Sosyal gerçekçiler, toplumdaki olumsuzlukları vermekte aşırıya gittikleri gibi gerçekçiliğe yaklaşımları ideolojik olduğu için gerçekçiliği sadece olumsuzlukların abartılması olarak algıladılar. Ülkemizin ve köylülerin gerçeğini sadece devlet ve ağa tarafından eziliyormuş fikri etrafında anlayıp anlatmaya çalıştılar. Bu anlayış, mutlu olmak isteyen insanın duygu ve arzularına cevap vermediği gibi köylülerin ezilmeleri hadisesini de abartılı olarak ele alıyordu. Amaç gerçeği tüm yönleri ile ele almak olmadığından, köylüyü ağaya, devlete ve otoriteye kışkırtmak amacını taşıyordu. Perde arakasında böylesine bir ideolojik amaç olunca gerçekçilik anlayışı kendi doğallı dışında ve sosyalistlerin anladığı tarzda bir gerçekçilik olarak ortaya çıktı.
1930-1950 tarihleri arasında, sosyal gerçekçilik anlayışına ilaveten ferdî gerçekçilik de diyebileceğimiz bir gerçekçilik de gündeme gelmeye başlamıştı. "Gözlemci-gerçekçi" veya "tasvirci-gerçekçiler, olarak adlandırılabilecek bu eğilimler yeni temalar bulma arayışına yöneldi. Gözlem ve tasvir yoluyla hem sosyal hayatın hem de sosyal hayatın birer parçası olan fertlerin sosyal hayattaki sorunları reaslit bir şekilde konu olmaya başladı. , Sosyal hayatta bocalayan, cahil insanlar arasında uyum sorunu çeken, aydınların ve idealist insanların sorunları başlıca konular oldu. Kalabalıklar arasında veya toplumsal değişimlerin yarattığı en alt ve en üst kesimlerin kültürel farklılaşmaları arasında sıkışıp kalan aydınların sorgulamaları, bu yıllarda batıcılığı kendi değerlerinden tamamen kopmak olarak algılayanlarla, tamamen geçmişteki cehaletle yaşamak olarak sürdüren kesimlerin arasında, uyum sorunları çeken insanların bunalımları cumhuriyetin ilk yıllarında alternatif bir sosyal gerçekçilik olarak şekillenmiştir. Böylece, cemiyet içindeki ferdin gerçeklerine yönelen yazarlarımız ve sanatçılarımızda ortaya çıkmıştı.

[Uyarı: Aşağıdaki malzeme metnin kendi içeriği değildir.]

(* Let $d\geqslant 4$ be an even integer and let $r$ be an integer with $\gcd(d,r)=1$. Let $n>1$ be an integer with $n\equiv -r\pmod{d}$ and $n\geqslant \max\{r,d-r\}$. Then \[ \sum_{k=0}^{n-1}[2dk+r]\frac{(q^r;q^d)_k^d}{(q^d;q^d)_k^d}q^{\frac{d(d-r-2)k}{2}} \equiv 0\pmod{\Phi_n(q)^2}. \]
   Context: $q$ is an indeterminate. The $q$-shifted factorial is $(a;q)_k=(1-a)(1-aq)\cdots(1-aq^{k-1})$ (with $(a;q)_0=1$), for any Laurent monomial $a$ in $q$. For any integer $m$ (including negative $m$), $[m]=(1-q^m)/(1-q)$. $\Phi_n(q)$ denotes the $n$-th cyclotomic polynomial. A congruence of rational functions modulo a polynomial $P(q)$, where the denominators are coprime to $P(q)$, means that $P(q)$ divides the numerator of the difference in lowest terms. *)

theory Defs
  imports "HOL-Computational_Algebra.Computational_Algebra" "HOL-Number_Theory.Cong" Complex_Main
begin

type_synonym ratfun = "complex poly fract"

definition qv :: ratfun where
  "qv = Fract [:0, 1:] 1"

definition qpoch :: "'a::comm_ring_1 \<Rightarrow> 'a \<Rightarrow> nat \<Rightarrow> 'a" where
  "qpoch a b k = (\<Prod>j<k. (1 - a * b ^ j))"

definition qint :: "int \<Rightarrow> ratfun" where
  "qint m = (1 - qv powi m) / (1 - qv)"

definition cyclo :: "nat \<Rightarrow> complex poly" where
  "cyclo n = (\<Prod>k\<in>{k. 1 \<le> k \<and> k \<le> n \<and> coprime k n}.
               [:- cis (2 * pi * real k / real n), 1:])"

text \<open>Congruence of rational functions modulo a polynomial P: the difference can be written
  as A/B with B coprime to P and P dividing A (equivalently, P divides the numerator in lowest terms).\<close>
definition fcong :: "ratfun \<Rightarrow> ratfun \<Rightarrow> complex poly \<Rightarrow> bool" where
  "fcong S T P \<longleftrightarrow> (\<exists>A B. B \<noteq> 0 \<and> coprime B P \<and> P dvd A \<and> S - T = Fract A B)"

end

theory Submission
  imports Defs "HOL-Library.Real_Mod"
begin

text \<open>Work in base \<open>q\<^sup>d\<close> with \<open>a = q\<^sup>r\<close>. Put \<open>d m = n + r\<close>, \<open>N = n - m\<close> and
  \<open>c = d N + r = (d - 1) n\<close>. Applying the Bailey lemma \<open>d/2 - 1\<close> times to the unit Bailey pair,
  first with \<open>\<rho>\<^sub>1 = q\<^sup>r\<^sup>+\<^sup>c, \<rho>\<^sub>2 = q\<^sup>r\<close> and then with \<open>\<rho>\<^sub>1 = \<rho>\<^sub>2 = q\<^sup>r\<close>, gives a
  terminating identity whose \<open>k\<close>-th term agrees with the \<open>k\<close>-th summand modulo \<open>\<Phi>\<^sub>n(q)\<^sup>2\<close>
  for \<open>k \<le> N\<close>, because \<open>(q\<^sup>u; q\<^sup>d)\<^sub>k\<^sup>2 \<equiv> (q\<^sup>u\<^sup>+\<^sup>c; q\<^sup>d)\<^sub>k (q\<^sup>u\<^sup>-\<^sup>c; q\<^sup>d)\<^sub>k\<close> when
  \<open>n | c\<close>. The Bailey side is \<open>[r] (q\<^sup>d; q\<^sup>d)\<^sub>N (q\<^sup>r\<^sup>+\<^sup>d; q\<^sup>d)\<^sub>N \<beta>\<^sub>N\<close>: the second
  factor contains \<open>1 - q\<^sup>c\<close>, and \<open>\<beta>\<^sub>N\<close> is divisible by \<open>\<Phi>\<^sub>n\<close> since every Bailey step
  shifts the range where \<open>\<beta>\<close> vanishes modulo \<open>\<Phi>\<^sub>n\<close> by \<open>m - 1\<close>. The summands with
  \<open>N < k < n\<close> contain \<open>(1 - q\<^sup>c)\<^sup>d\<close>. Congruences are handled in the localisation of
  \<open>\<complex>[q]\<close> at \<open>\<Phi>\<^sub>n\<close>.\<close>

section \<open>\<open>q\<close>-shifted factorials\<close>

lemma qpoch_0 [simp]: "qpoch a q 0 = 1"
  unfolding qpoch_def by simp

lemma qpoch_Suc: "qpoch a q (Suc k) = qpoch a q k * (1 - a * q ^ k)"
  unfolding qpoch_def by simp

lemma qpoch_add: "qpoch a q (m + k) = qpoch a q m * qpoch (a * q ^ m) q k"
  by (induction k) (simp_all add: qpoch_Suc power_add mult.assoc)

lemma qpoch_Suc_left: "qpoch a q (Suc k) = (1 - a) * qpoch (a * q) q k"
  using qpoch_add[of a q 1 k] by (simp add: qpoch_Suc)

lemma qpoch_nonzero:
  fixes a q :: "'a::idom"
  shows "(\<And>j. j < k \<Longrightarrow> 1 - a * q ^ j \<noteq> 0) \<Longrightarrow> qpoch a q k \<noteq> 0"
  unfolding qpoch_def by (simp add: prod_zero_iff)

lemma qpoch_self_nonzero:
  fixes q :: "'a::idom"
  shows "(\<And>i. 1 - q ^ Suc i \<noteq> 0) \<Longrightarrow> qpoch q q m \<noteq> 0"
  by (intro qpoch_nonzero) simp

lemma qpoch_inverse_power:
  fixes q :: "'a::field"
  assumes "q \<noteq> 0" "k \<le> N"
  shows "qpoch (inverse (q ^ N)) q k * q ^ (N * k) * qpoch q q (N - k)
    = (-1) ^ k * q ^ (k * (k - 1) div 2) * qpoch q q N"
  using assms(2)
proof (induction k)
  case (Suc k)
  have N: "N - k = Suc (N - Suc k)" using Suc.prems by simp
  have factor: "(1 - inverse (q ^ N) * q ^ k) * q ^ N = - (q ^ k) * (1 - q * q ^ (N - Suc k))"
    using assms(1) Suc.prems by (simp add: algebra_simps flip: power_add power_Suc)
  have "qpoch (inverse (q ^ N)) q (Suc k) * q ^ (N * Suc k) * qpoch q q (N - Suc k)
      = qpoch (inverse (q ^ N)) q k * q ^ (N * k) * qpoch q q (N - Suc k)
        * ((1 - inverse (q ^ N) * q ^ k) * q ^ N)"
    by (simp add: qpoch_Suc power_add mult_ac)
  also have "\<dots> = - (q ^ k) * (qpoch (inverse (q ^ N)) q k * q ^ (N * k) * qpoch q q (N - k))"
    unfolding factor N by (simp add: qpoch_Suc mult_ac)
  also have "\<dots> = (-1) ^ Suc k * q ^ (Suc k * (Suc k - 1) div 2) * qpoch q q N"
  proof -
    have "Suc k * (Suc k - 1) div 2 = k * (k - 1) div 2 + k" by (cases k) (simp_all add: algebra_simps)
    then show ?thesis using Suc by (simp add: power_add)
  qed
  finally show ?case .
qed simp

Toplumsal gerçekçilik, toplumsal yaşamdan sahneleri ve olayları gerçekçi bir yaklaşımla işleyen, fakat bu gerçekçilik anlayışını ideolojik bir amaç uğruna kullanan sanatçıların yaklaşımı olarak şekillendi. Edebiyat’ta ortaya çıkan gerçekçilik anlayışı resim sanatımızda da uygulama alanı bulmuş oldu. Birçok ressam belli ve kendine özgü bir resim anlayışı ortaya koymuş olmasa da resimlerinde toplumsal temaları işlemeleri bakımından ortak bir yol tutturmuşlardı.
Sosyal gerçekçilik resim sanatımızda bir topluluk kurdurtacak, bir kısım ressamlalar tarafından organize olarak ele alınacak bir şekilde ortaya çıktı. Edebiyattaki, sosyal gerçekçililerin organize bir görüntüsü yokken, resim sanatımızda YENİLER- LİMAN GRUBU organize bir görüntü oluşturdular.
Edebiyattaki sosyal gerçekçilerden esinlenen hepsi de yanı okulda ve atölyede yetişen bir grup ressam arkadaş aha okulda öğrenim görmekteyken okul arkadaşları ile birlikte bir resim topluluğu kurmak düşüncesi içine girmişlerdi. “YENİLER- LİMAN GRUBU” grubundaki bazı ressamlar “sosyalist” eğilimli siyasi hareketler içinde de yer almışlardır. Sanatı ve politikayı yan yana getiren böyle bir tavır, YENİLER- LİMAN GRUBU oluşmasında ortak paydalardan birisi olmuştur. Fakat buna rağmen bu gruptaki ressamlar yaptıkları resimlerde sanatı ideolojiye feda etmeden resimler yapmaya özen gösteren bir tutum içinde olmuşlardı.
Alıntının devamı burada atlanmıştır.